Sorte de mise en abyme puissance dix, texte brillant sur le jeu, scénique, amoureux et sexuel, variation sur le trauma de l'enfance, le plaisir de l'avilissement et de la douleur, La Vénus à la fourrure trouve en Polanski son passeur idéal. S'appuyant sur la fidélité sans faille de ses deux interprètes, le cinéaste octogénaire nous livre une partition virtuose.
Le film nous prend au moment où on ne s'y attend pas. Les premières minutes sont presque malaisantes : Emmanuelle Seigner en fait des caisses. Elle assure, mais on se demande combien de temps elle tiendra. Et Amalric en pseudo Polanski, que va-t-il nous offrir ? On ne connait pas le texte, on s'inquiète du huis-clos, de ses contingences, de sa vacuité. Et puis Emmanuelle-Vanda récite la première phrase de la pièce qu'elle est venue auditionner, Mathieu-Thomas lève les yeux d'effarement, un premier frisson nous étreint. Il se passe quelque-chose. Polanski nous tient. Il ne nous lâchera pas.
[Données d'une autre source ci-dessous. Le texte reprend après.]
lemma frechet_derivative_eq_inner_grad:
  assumes "V differentiable (at x)"
  shows "frechet_derivative V (at x) h = grad V x \<bullet> h"
proof -
  have "frechet_derivative V (at x) h = frechet_derivative V (at x) (\<Sum>i\<in>Basis. (h \<bullet> i) *\<^sub>R i)"
    by (simp add: euclidean_representation)
  also have "\<dots> = (\<Sum>i\<in>Basis. (h \<bullet> i) * frechet_derivative V (at x) i)"
    using linear_frechet_derivative[OF assms] by (simp add: linear_sum linear_scale)
  also have "\<dots> = grad V x \<bullet> h"
    by (simp add: grad_def inner_commute[of _ h] inner_sum_right mult.commute)
  finally show ?thesis .
qed

lemma has_real_derivative_comp_grad:
  assumes "V differentiable (at (u s))" "(u has_vector_derivative du) (at s)"
  shows "((\<lambda>s. V (u s)) has_real_derivative grad V (u s) \<bullet> du) (at s)"
proof -
  have "((V \<circ> u) has_derivative frechet_derivative V (at (u s)) \<circ> (\<lambda>h. h *\<^sub>R du)) (at s)"
    using assms by (intro diff_chain_at)
      (auto simp: has_vector_derivative_def frechet_derivative_works[symmetric])
  moreover have "frechet_derivative V (at (u s)) \<circ> (\<lambda>h. h *\<^sub>R du) = (\<lambda>h. (grad V (u s) \<bullet> du) * h)"
    using assms(1) by (simp add: fun_eq_iff frechet_derivative_eq_inner_grad)
  ultimately show ?thesis
    by (simp add: has_field_derivative_def comp_def)
qed

lemma Ck_Suc_Suc_imp_grad_differentiable:
  "Ck (Suc (Suc m)) V \<Longrightarrow> grad V differentiable (at x)"
  unfolding grad_def[abs_def]
  by (intro differentiable_sum differentiable_scaleR ballI) auto

section \<open>The radial equation\<close>

(* The radial form of the equation Laplacian u = g(u) on R^(N+1). *)
locale radial_ode =
  fixes N :: nat
    and g :: "'a::real_normed_vector \<Rightarrow> 'a"
    and u du :: "real \<Rightarrow> 'a"
  assumes u_deriv: "\<And>r. 0 < r \<Longrightarrow> (u has_vector_derivative du r) (at r)"
    and du_deriv: "\<And>r. 0 < r \<Longrightarrow> (du has_vector_derivative (- real N / r) *\<^sub>R du r + g (u r)) (at r)"
begin

lemma weighted_du_deriv:
  assumes "0 < r"
  shows "((\<lambda>r. r ^ N *\<^sub>R du r) has_vector_derivative r ^ N *\<^sub>R g (u r)) (at r)"
proof -
  have "((\<lambda>r. r ^ N *\<^sub>R du r) has_vector_derivative
      r ^ N *\<^sub>R ((- real N / r) *\<^sub>R du r + g (u r)) + (real N * r ^ (N - 1)) *\<^sub>R du r) (at r)"
    using DERIV_pow[of N r] by (intro has_vector_derivative_scaleR du_deriv assms) simp
  moreover have "r ^ N * (- real N / r) + real N * r ^ (N - 1) = 0"
    using assms by (cases N) (simp_all add: field_simps)
  ultimately show ?thesis
    by (simp add: algebra_simps)
qed

lemma u_continuous_on_nonneg:
  assumes "(u \<longlongrightarrow> u 0) (at_right 0)"
  shows "continuous_on {0..} u"
proof -
  have "continuous (at r within {0..}) u" if "0 \<le> r" for r
  proof (cases "r = 0")
    case True
    then show ?thesis
      using assms by (simp add: continuous_within at_within_Ici_at_right)
  next
    case False
    then show ?thesis
      using that by (simp add: continuous_at_imp_continuous_within has_vector_derivative_continuous[OF u_deriv])
  qed
  then show ?thesis
    by (simp add: continuous_on_eq_continuous_within)
qed

lemma displacement_bound:
  assumes "0 \<le> a" "a < s"
    and u_lim: "(u \<longlongrightarrow> u0) (at_right a)"
    and du_lim: "((\<lambda>r. r ^ N *\<^sub>R du r) \<longlongrightarrow> 0) (at_right a)"
    and g_bound: "\<And>x. a < x \<Longrightarrow> x < s \<Longrightarrow> norm (g (u x)) \<le> M"
  shows "norm (u s - u0) \<le> M * (s - a) * (s - a)"
proof -
  have du_bound: "norm (du x) \<le> M * (s - a)" if "a < x" "x < s" for x
  proof -
    have "norm (du x) \<le> M * (x - a)"
      using that assms(1) g_bound du_lim weighted_du_deriv
      by (intro norm_le_of_weighted_derivative_bound[of a x N du "\<lambda>x. g (u x)"]) auto
    also have "\<dots> \<le> M * (s - a)"
      using that order_trans[OF norm_ge_zero g_bound[OF that]] by (intro mult_left_mono) auto
    finally show ?thesis .
  qed
  show ?thesis
    using \<open>a < s\<close> assms(1) u_deriv du_bound u_lim
    by (intro norm_diff_right_limit_le_derivative_bound) auto
qed

(* With W the supremum of |u - u0| on (a, a + h], two integrations give W <= L h^2 W <= W / 2. *)
lemma const_on_right_nbhd:
  assumes "0 \<le> a" "0 < L" "0 < \<rho>"
    and g_Lipschitz: "\<And>y. norm (y - u0) \<le> \<rho> \<Longrightarrow> norm (g y) \<le> L * norm (y - u0)"
    and u_lim: "(u \<longlongrightarrow> u0) (at_right a)"
    and du_lim: "((\<lambda>r. r ^ N *\<^sub>R du r) \<longlongrightarrow> 0) (at_right a)"
  obtains h where "0 < h" "\<And>s. a < s \<Longrightarrow> s \<le> a + h \<Longrightarrow> u s = u0"
proof -
  obtain b where "a < b" and u_close: "\<And>s. a < s \<Longrightarrow> s < b \<Longrightarrow> norm (u s - u0) \<le> \<rho>"
    using tendstoD[OF u_lim \<open>0 < \<rho>\<close>]
    unfolding eventually_at_right_field dist_norm by (metis less_imp_le)
  define h where "h = min ((b - a) / 2) (min 1 (1 / (2 * L)))"
  have "0 < h"
    using \<open>a < b\<close> \<open>0 < L\<close> by (simp add: h_def)
  have "h \<le> (b - a) / 2" "h \<le> 1" "h \<le> 1 / (2 * L)"
    unfolding h_def by (rule min.cobounded1, simp_all add: min.coboundedI2)
  then have "a + h < b" "L * h \<le> 1 / 2"
    using \<open>0 < L\<close> \<open>0 < h\<close> by (simp_all add: field_simps)
  then have contraction: "L * h * h \<le> 1 / 2"
    using mult_mono[of "L * h" "1 / 2" h 1] \<open>0 < h\<close> \<open>h \<le> 1\<close> by simp
  define I where "I = {a<..a + h}"
  define W where "W = (SUP s\<in>I. norm (u s - u0))"
  have "bdd_above ((\<lambda>s. norm (u s - u0)) ` I)"
    using u_close \<open>a + h < b\<close> by (intro bdd_aboveI[of _ \<rho>]) (auto simp: I_def)
  then have W_upper: "norm (u s - u0) \<le> W" if "s \<in> I" for s
    unfolding W_def using that by (rule cSUP_upper2) simp
  have "0 \<le> W"
    using W_upper[of "a + h"] \<open>0 < h\<close> by (auto simp: I_def intro: order_trans[OF norm_ge_zero])
  have "norm (u s - u0) \<le> W / 2" if "s \<in> I" for s
  proof -
    have "norm (g (u x)) \<le> L * W" if "a < x" "x < s" for x
    proof -
      have "x \<in> I"
        using that \<open>s \<in> I\<close> by (auto simp: I_def)
      then have "norm (g (u x)) \<le> L * norm (u x - u0)"
        using \<open>a + h < b\<close> by (intro g_Lipschitz u_close) (auto simp: I_def)
      also have "\<dots> \<le> L * W"
        using W_upper[OF \<open>x \<in> I\<close>] \<open>0 < L\<close> by simp
      finally show ?thesis .
    qed
    then have "norm (u s - u0) \<le> L * W * (s - a) * (s - a)"
      using that assms(1) u_lim du_lim by (intro displacement_bound) (auto simp: I_def)
    also have "\<dots> \<le> L * W * h * h"
      using that \<open>0 < L\<close> \<open>0 \<le> W\<close> by (intro mult_mono) (auto simp: I_def)
    also have "\<dots> \<le> W / 2"
      using mult_left_mono[OF contraction \<open>0 \<le> W\<close>] by (simp add: mult_ac)
    finally show ?thesis .
  qed
  then have "W \<le> W / 2"
    unfolding W_def using \<open>0 < h\<close> by (intro cSUP_least) (auto simp: I_def)
  then have "W = 0"
    using \<open>0 \<le> W\<close> by simp
  then show thesis
    using W_upper \<open>0 < h\<close> by (intro that) (auto simp: I_def)
qed

lemma at_rest_if_const_before:
  assumes "0 < T" and const: "\<And>s. 0 < s \<Longrightarrow> s < T \<Longrightarrow> u s = u0"
  shows "u T = u0" "(u \<longlongrightarrow> u0) (at_right T)" "((\<lambda>r. r ^ N *\<^sub>R du r) \<longlongrightarrow> 0) (at_right T)"
proof -
  have u_cont: "isCont u T"
    using u_deriv[OF \<open>0 < T\<close>] by (rule has_vector_derivative_continuous)
  have du_cont: "isCont du T"
    using du_deriv[OF \<open>0 < T\<close>] by (rule has_vector_derivative_continuous)
  show "u T = u0"
    using eq_at_if_isCont_and_eq_on_left[OF u_cont \<open>0 < T\<close> const] .
  have du_zero: "du s = 0" if "0 < s" "s < T" for s
  proof -
    have "((\<lambda>_. u0) has_vector_derivative 0) (at s)"
      by simp
    then have "(u has_vector_derivative 0) (at s)"
      by (rule has_vector_derivative_transform_within_open[where S = "{0<..<T}"])
        (use that const in auto)
    then show ?thesis
      using u_deriv[OF \<open>0 < s\<close>] vector_derivative_unique_at by blast
  qed
  have "du T = 0"
    using eq_at_if_isCont_and_eq_on_left[OF du_cont \<open>0 < T\<close> du_zero] .
  show "(u \<longlongrightarrow> u0) (at_right T)"
    using u_cont \<open>u T = u0\<close> by (simp add: isCont_def filterlim_at_split)
  have "((\<lambda>r. r ^ N *\<^sub>R du r) \<longlongrightarrow> T ^ N *\<^sub>R du T) (at T)"
    using du_cont unfolding isCont_def by (intro tendsto_intros)
  then show "((\<lambda>r. r ^ N *\<^sub>R du r) \<longlongrightarrow> 0) (at_right T)"
    using \<open>du T = 0\<close> by (simp add: filterlim_at_split)
qed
Tout le film sera à l'image de ce premier frisson. Le texte est riche et soutenu, exigeant, très écrit, mais diablement bien rythmé, très habile, imposant les ruptures de ton, les retournements de situation, les dévoilements. La mise en scène est sacrément élégante, souple et puissante. La musique d'Alexandre Desplat est inspirée. L'interprétation est exceptionnelle.
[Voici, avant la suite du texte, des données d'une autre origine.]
(* Let $D\subseteq \mathbb{C}^n$ be open and let $\sigma$ be a strictly plurisubharmonic function of class $C^2$ on $D$. For every compact set $L\subset D$ there exists a constant $K_L>0$ such that the following holds: for every integer $d\ge 1$, every nowhere vanishing holomorphic function $G$ defined on a neighborhood of $L$, and every $K\geq K_L$, the function $(z,w)\mapsto(\sigma(z)+K)\, |G(z)|^2|w|^2$ (with $w\in\mathbb{C}^d$, $|w|$ the Euclidean norm) is strictly plurisubharmonic (i.e. its complex Hessian is positive definite) at every point of $L\times(\mathbb{C}^d\setminus \{0\})$. *)

theory Defs
  imports "HOL-Analysis.Analysis"
begin

text \<open>A "coordinate space" is a type 'p of points together with a shift operation
  sh p i c (add the complex number c to the i-th complex coordinate of p)
  and a finite index set I of complex coordinates.\<close>

text \<open>Real directional derivative of f at p along the real direction c (c = 1 gives
  the partial derivative in x_i, c = i gives the partial derivative in y_i,
  where z_i = x_i + i y_i).\<close>
definition dpart :: "('p \<Rightarrow> 'i \<Rightarrow> complex \<Rightarrow> 'p) \<Rightarrow> ('p \<Rightarrow> real) \<Rightarrow> 'i \<Rightarrow> complex \<Rightarrow> 'p \<Rightarrow> real" where
  "dpart sh f i c p = deriv (\<lambda>t::real. f (sh p i (of_real t * c))) 0"

text \<open>Complex Hessian entry  d^2 f / (dz_j d(conj z_k))  written with Wirtinger
  derivatives d/dz_j = (d/dx_j - i d/dy_j)/2, d/d(conj z_k) = (d/dx_k + i d/dy_k)/2.\<close>
definition cHess :: "('p \<Rightarrow> 'i \<Rightarrow> complex \<Rightarrow> 'p) \<Rightarrow> ('p \<Rightarrow> real) \<Rightarrow> 'i \<Rightarrow> 'i \<Rightarrow> 'p \<Rightarrow> complex" where
  "cHess sh f j k p =
     (complex_of_real (dpart sh (dpart sh f k 1) j 1 p + dpart sh (dpart sh f k \<i>) j \<i> p)
      + \<i> * complex_of_real (dpart sh (dpart sh f k \<i>) j 1 p - dpart sh (dpart sh f k 1) j \<i> p)) / 4"

definition spsh_at :: "('p \<Rightarrow> 'i \<Rightarrow> complex \<Rightarrow> 'p) \<Rightarrow> 'i set \<Rightarrow> ('p \<Rightarrow> real) \<Rightarrow> 'p \<Rightarrow> bool" where
  "spsh_at sh I f p \<longleftrightarrow>
     (\<forall>v::'i \<Rightarrow> complex. (\<exists>i\<in>I. v i \<noteq> 0) \<longrightarrow>
        (let S = (\<Sum>j\<in>I. \<Sum>k\<in>I. cHess sh f j k p * v j * cnj (v k))
         in Im S = 0 \<and> Re S > 0))"

definition sh_vec :: "complex ^ 'n \<Rightarrow> 'n \<Rightarrow> complex \<Rightarrow> complex ^ 'n" where
  "sh_vec z j c = z + axis j c"

text \<open>The space C^n x C^d: points (z, w) with w :: nat => complex, of which only the
  coordinates i < d are used; index set Inl ` UNIV \<union> Inr ` {..<d}.\<close>
definition sh_prod :: "(complex ^ 'n) \<times> (nat \<Rightarrow> complex) \<Rightarrow> 'n + nat \<Rightarrow> complex
                        \<Rightarrow> (complex ^ 'n) \<times> (nat \<Rightarrow> complex)" where
  "sh_prod p k c = (case k of
      Inl j \<Rightarrow> (fst p + axis j c, snd p)
    | Inr i \<Rightarrow> (fst p, (snd p)(i := snd p i + c)))"

definition C2_on :: "(complex ^ 'n) set \<Rightarrow> (complex ^ 'n \<Rightarrow> real) \<Rightarrow> bool" where
  "C2_on D f \<longleftrightarrow> continuous_on D f \<and>
     (\<forall>j c. c \<in> {1, \<i>} \<longrightarrow>
        (\<forall>p\<in>D. (\<lambda>t::real. f (sh_vec p j (of_real t * c))) differentiable (at 0)) \<and>
        continuous_on D (dpart sh_vec f j c) \<and>
        (\<forall>k e. e \<in> {1, \<i>} \<longrightarrow>
           (\<forall>p\<in>D. (\<lambda>t::real. dpart sh_vec f j c (sh_vec p k (of_real t * e))) differentiable (at 0)) \<and>
           continuous_on D (dpart sh_vec (dpart sh_vec f j c) k e)))"

definition holo_on :: "(complex ^ 'n) set \<Rightarrow> (complex ^ 'n \<Rightarrow> complex) \<Rightarrow> bool" where
  "holo_on U G \<longleftrightarrow> (\<forall>z\<in>U. \<exists>G'. (G has_derivative G') (at z) \<and> (\<forall>c v. G' (c *s v) = c * G' v))"

end

theory Submission
  imports Defs "HOL-Complex_Analysis.Complex_Analysis"
begin

text \<open>Write \<open>A = (\<sigma> + K) |G|\<^sup>2\<close>. On a vector \<open>(\<xi>, \<eta>)\<close> the complex Hessian of \<open>A(z) |w|\<^sup>2\<close> is
  \<open>|w|\<^sup>2 H\<^sub>A(\<xi>) + 2 Re (\<partial>A(\<xi>) \<langle>w, \<eta>\<rangle>) + A |\<eta>|\<^sup>2\<close>, which by Cauchy-Schwarz is positive as soon as
  \<open>|\<partial>A(\<xi>)|\<^sup>2 < A H\<^sub>A(\<xi>)\<close>, i.e. as soon as \<open>log A\<close> is strictly plurisubharmonic.
  As \<open>log |G|\<^sup>2\<close> is pluriharmonic, \<open>A H\<^sub>A - |\<partial>A|\<^sup>2 = |G|\<^sup>4 ((\<sigma> + K) H\<^sub>\<sigma> - |\<partial>\<sigma>|\<^sup>2)\<close>, and since
  \<open>H\<^sub>\<sigma>\<close> is positive definite and continuous, compactness of \<open>L\<close> times the unit sphere makes this positive
  for all \<open>K \<ge> K\<^sub>L\<close>, independently of \<open>d\<close> and \<open>G\<close>.\<close>

section \<open>Osgood's lemma\<close>

lemma norm_difference_quotient_minus_deriv_le:
  fixes f :: "complex \<Rightarrow> complex"
  assumes r: "r > 0" and cont: "continuous_on (cball 0 r) f" and hol: "f holomorphic_on ball 0 r"
    and bound: "\<And>u. norm u = r \<Longrightarrow> norm (f u) \<le> M"
    and h: "h \<noteq> 0" "norm h < r/2"
  shows "norm ((f h - f 0) / h - deriv f 0) \<le> 2 * M * norm h / r^2"
proof -
  have M: "M \<ge> 0"
    using order_trans[OF norm_ge_zero bound[of "of_real r"]] r by simp
  have ih: "((\<lambda>u. f u / (u - h)) has_contour_integral (2 * pi * \<i> * f h)) (circlepath 0 r)"
    using Cauchy_integral_circlepath[OF cont hol, of h] h r by simp
  have i0: "((\<lambda>u. f u / (u - 0)) has_contour_integral (2 * pi * \<i> * f 0)) (circlepath 0 r)"
    using Cauchy_integral_circlepath[OF cont hol, of 0] r by simp
  have i1: "((\<lambda>u. f u / (u - 0) ^ Suc 1) has_contour_integral (2 * pi * \<i> * deriv f 0)) (circlepath 0 r)"
    using Cauchy_has_contour_integral_higher_derivative_circlepath[OF cont hol, of 0 1] r by simp
  have "((\<lambda>u. (f u / (u - h) - f u / (u - 0)) / h - f u / (u - 0) ^ Suc 1) has_contour_integral
      (2 * pi * \<i>) * ((f h - f 0) / h - deriv f 0)) (circlepath 0 r)"
    using has_contour_integral_diff[OF has_contour_integral_div[OF has_contour_integral_diff[OF ih i0]] i1]
    by (simp add: field_simps)
  then have "norm ((2 * pi * \<i>) * ((f h - f 0) / h - deriv f 0)) \<le> (M * norm h / ((r/2) * r^2)) * (2 * pi * r)"
  proof (rule has_contour_integral_bound_circlepath)
    show "0 \<le> M * norm h / ((r/2) * r^2)" using M r by auto
    fix u :: complex assume u: "norm (u - 0) = r"
    have "u \<noteq> 0" "u - h \<noteq> 0" using u h r by auto
    then have "(f u / (u - h) - f u / (u - 0)) / h - f u / (u - 0) ^ Suc 1 = f u * h / ((u - h) * u^2)"
      using h by (simp add: field_simps power2_eq_square)
    also have "norm \<dots> = norm (f u) * norm h / (norm (u - h) * r^2)"
      using u by (simp add: norm_mult norm_divide norm_power)
    also have "\<dots> \<le> M * norm h / ((r/2) * r^2)"
      using bound[of u] M u norm_triangle_ineq2[of u h] h r by (intro frac_le mult_right_mono mult_mono) auto
    finally show "norm ((f u / (u - h) - f u / (u - 0)) / h - f u / (u - 0) ^ Suc 1) \<le> M * norm h / ((r/2) * r^2)" .
  qed (use r in auto)
  also have "\<dots> = 2 * pi * (2 * M * norm h / r^2)"
    using r by (simp add: field_simps power2_eq_square)
  finally have "2 * pi * norm ((f h - f 0) / h - deriv f 0) \<le> 2 * pi * (2 * M * norm h / r^2)"
    by (simp add: norm_mult)
  then show ?thesis
    by (rule mult_left_le_imp_le) (use pi_gt_zero in simp)
qed

text \<open>The derivative is the uniform limit of the holomorphic difference quotients
  \<open>(F a h - F a 0) / h\<close> as \<open>h \<rightarrow> 0\<close>; the Cauchy estimate above makes the convergence uniform.\<close>

lemma holomorphic_on_deriv_parametric:
  fixes F :: "complex \<Rightarrow> complex \<Rightarrow> complex"
  assumes r: "r > 0"
    and cont: "continuous_on (cball 0 r \<times> cball 0 r) (\<lambda>(a, b). F a b)"
    and hol2: "\<And>a. a \<in> cball 0 r \<Longrightarrow> F a holomorphic_on ball 0 r"
    and hol1: "\<And>b. b \<in> cball 0 r \<Longrightarrow> (\<lambda>a. F a b) holomorphic_on ball 0 r"
  shows "(\<lambda>a. deriv (F a) 0) holomorphic_on ball 0 r"
proof -
  obtain M where M: "\<And>a b. a \<in> cball 0 r \<Longrightarrow> b \<in> cball 0 r \<Longrightarrow> norm (F a b) \<le> M"
  proof -
    have "bounded ((\<lambda>(a, b). F a b) ` (cball 0 r \<times> cball 0 r))"
      by (intro compact_imp_bounded compact_continuous_image cont compact_Times compact_cball)
    then show ?thesis using that by (force simp: bounded_iff)
  qed
  have M0: "M \<ge> 0" using M[of 0 0] r norm_ge_zero[of "F 0 0"] by (auto simp del: norm_ge_zero)
  have cont2: "continuous_on (cball 0 r) (F a)" if "a \<in> cball 0 r" for a
  proof -
    have "continuous_on (cball 0 r) ((\<lambda>(a, b). F a b) \<circ> (\<lambda>b. (a, b)))"
      by (intro continuous_on_compose continuous_intros continuous_on_subset[OF cont]) (use that in auto)
    then show ?thesis by (simp add: o_def)
  qed
  have cont1: "continuous_on (cball 0 r) (\<lambda>a. F a b)" if "b \<in> cball 0 r" for b
  proof -
    have "continuous_on (cball 0 r) ((\<lambda>(a, b). F a b) \<circ> (\<lambda>a. (a, b)))"
      by (intro continuous_on_compose continuous_intros continuous_on_subset[OF cont]) (use that in auto)
    then show ?thesis by (simp add: o_def)
  qed
  define q where "q h = (\<lambda>a. (F a h - F a 0) / h)" for h
  have "uniform_limit (cball 0 r) q (\<lambda>a. deriv (F a) 0) (at 0)"
  proof (rule uniform_limitI)
    fix e :: real assume e: "e > 0"
    define \<delta> where "\<delta> = min (r/2) (e * r^2 / (2 * M + 1))"
    have "dist (q h a) (deriv (F a) 0) < e"
      if "a \<in> cball 0 r" "h \<noteq> 0" "norm h < \<delta>" for h a
    proof -
      have "dist (q h a) (deriv (F a) 0) \<le> 2 * M * norm h / r^2"
        using norm_difference_quotient_minus_deriv_le[OF r cont2 hol2, of a M h] M that
        by (simp add: q_def dist_norm \<delta>_def)
      also have "\<dots> \<le> (2 * M + 1) * norm h / r^2"
        by (intro divide_right_mono mult_right_mono) auto
      also have "\<dots> < e"
        using that r M0 by (simp add: \<delta>_def pos_divide_less_eq field_simps)
      finally show ?thesis .
    qed
    moreover have "\<delta> > 0" using r e M0 by (simp add: \<delta>_def)
    ultimately show "\<forall>\<^sub>F h in at 0. \<forall>a\<in>cball 0 r. dist (q h a) (deriv (F a) 0) < e"
      unfolding eventually_at by (auto simp: dist_norm)
  qed
  moreover have "continuous_on (cball 0 r) (q h) \<and> q h holomorphic_on ball 0 r"
    if "h \<noteq> 0" "dist h 0 < r" for h
  proof -
    have "h \<in> cball 0 r" "0 \<in> cball (0::complex) r" using that r by (auto simp: dist_norm)
    then have "continuous_on (cball 0 r) (\<lambda>a. (F a h - F a 0) / h)"
      and "(\<lambda>a. (F a h - F a 0) / h) holomorphic_on ball 0 r"
      using \<open>h \<noteq> 0\<close> by (auto intro!: continuous_intros cont1 holomorphic_intros hol1)
    then show ?thesis by (simp add: q_def)
  qed
  then have "\<forall>\<^sub>F h in at 0. continuous_on (cball 0 r) (q h) \<and> q h holomorphic_on ball 0 r"
    unfolding eventually_at using r by blast
  ultimately show ?thesis
    by (auto elim: holomorphic_uniform_limit)
qed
On n'a jamais vu Emmanuelle Seigner ainsi. On sent la complicité qu'elle partage avec son metteur en scène de mari, la confiance totale qui les lie. Elle s'impose ici avec virtuosité, campe avec fermeté un personnage complexe, trouble et dominateur. Sa présence est impressionnante. Elle a du chien. C'est la voix de Mathieu Amalric qui lui donne la réplique. Cette voix grave et puissante, prenant par instant les accents de Trintignant, n'a jamais été aussi belle. Amalric se donne à Seigner, se donne à Polanski, ne cabotine pas. À l'image de son personnage, il s'abandonne littéralement.
La scène de fin, païenne et folle, est absurde et splendide, et nous rappelle combien Polanski est aussi un grand cinéaste. Sa Vénus à la fourrure est un grand moment de plaisir baigné de fantasmes et de frissons, de bottes en cuir et de lipstick.